New York-based cartoonist Xia Gordon’s 13-page, black and white minicomic Sorry! speaks this language, and, in doing so, gives us access to our own experiences of fervor, empowerment, and fixation. As comics poetry, Sorry! forces its emotion into the narrows of thin inked lines. As a cartoonist, Gordon plays with power through images of wounds and sutures, hazy swirled lines and suggestions of blood.
Is this about love? Is this about obsession? Is this about agency? What exactly, as the title emphatically points to, is the artist to feel sorry for? Answers are fluid in Gordon’s pages; they are left in the liminal place between emotions anticipated and those deeply felt. The characters of ”You” and “I” in the book are as ill-defined as the abstraction of most of the images scattered in the book’s panels. What remains in the gray space of comprehension, though, is visceral and unsettled. The wash of feelings here leaves the reader here uneasy with what they have just experienced. And yet, like a four-car pile up in your peripheral view, you can’t help but turn your head and stare.
The rawness and nakedness of emotion of Sorry! comes from where the words and images collide. Chrissy Williams, co-editor of Over the Line: An Introduction to Poetry Comics, said in a recent interview, this genre works best “…when comics are enticed away from the narrative drive that’s inherent to a sequential visual medium, and when poetry is challenged to react to and work with visual elements on the page.” Xia Gordon allows for both of these things to occur in this book. The fluidity of line and the amorphousness of form in these 13 pages play accompaniment to the sharp and pointed words that Gordon narrates.
Here, images act almost as line breaks — providing a space for breath — but Gordon’s art fills that space with punctuation and constriction, adding thickness to the entire experience.
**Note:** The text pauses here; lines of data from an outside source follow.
(* There exist constants $\varepsilon>0$ and $C>0$ such that $g(n)\le C(2-\varepsilon)^n$ for all positive integers $n$.
   Context: $[m]_0=\{0,1,\dots,m\}$. For positive integers $m$, $g(m)=\sum 2^{-|(S_1+S_2)\cap[m]_0|}$, the sum over all pairs $S_1,S_2\subseteq[m]_0$ with $0\in S_1\cap S_2$ and $m+1\notin S_1+S_2$, where $S_1+S_2=\{u+v:u\in S_1,v\in S_2\}$; $g(m)=1$ for integers $m\le 0$. *)

theory Defs
  imports Complex_Main
begin

definition sumset :: "nat set \<Rightarrow> nat set \<Rightarrow> nat set" where
  "sumset A B = {u + v | u v. u \<in> A \<and> v \<in> B}"

definition g :: "int \<Rightarrow> real" where
  "g m = (if m \<le> 0 then 1 else
     (let n = nat m in
      \<Sum>p \<in> {(S1, S2). S1 \<subseteq> {0..n} \<and> S2 \<subseteq> {0..n} \<and> 0 \<in> S1 \<and> 0 \<in> S2
                        \<and> n + 1 \<notin> sumset S1 S2}.
        (1/2) ^ card (sumset (fst p) (snd p) \<inter> {0..n})))"

end

theory Submission
  imports Defs "HOL-Library.FuncSet"
begin

(* Pair each u with 1 \<le> u \<le> n div 2 with its mirror n + 1 - u. Since n + 1 \<notin> A + B, the
   memberships of u and n + 1 - u in A and B can take only 9 of the 16 conceivable patterns.
   With x the least positive element of A, every element of A or B, and every x + b with b \<in> B,
   lies in A + B; these witnesses tie position u to u - x and u + x, so the weight of a pair (A, B)
   is bounded by a product along the chains u, u + x, u + 2x, ....  A transfer-matrix estimate
   with an explicit potential bounds the sum of that product over all patterns by 39/10 per
   position, giving g(n) \<le> 4 (n + 1) (39/10)^(n div 2); and (39/10)^(1/2) < 2. *)

definition half_if :: "bool \<Rightarrow> real" where
  "half_if c = (if c then 1/2 else 1)"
Here, a flattened human figure floats in an abyss of black ink as Gordon writes “my safety, my protection.” Here, a wound sutured to hold in that flat body is punctuated by the words “eating your whole/burning a hole into you.”
Each of Gordon’s visual decisions enhances that which is caustic and powerful while providing a platform for ideas around power and obsession to leap into the fore. But even this interpretation is malleable, dependent upon what I bring as a reader to the experience of reading this book. This is the purview of comics poetry.
Ultimately, Xia Gordon’s Sorry! is a personal experience. By using all the tools of comics poetry, Gordon expresses what must have been an original intent. Yet by choosing to use these same tools, the book itself is no longer the sole property of the artist. The experience it generates belongs to the world on a deeply personal basis. It gives narration to an individual personal story, told only in the head of each reader. It connects to lived experience — to passion and its emotional consequences, to those times you’ve expressed your power and seen what that expression does to the self-image of those you care deeply for. It’s comics poetry. It defines itself. Sorry! unlocks that which is within and, in doing so, offers no apologies.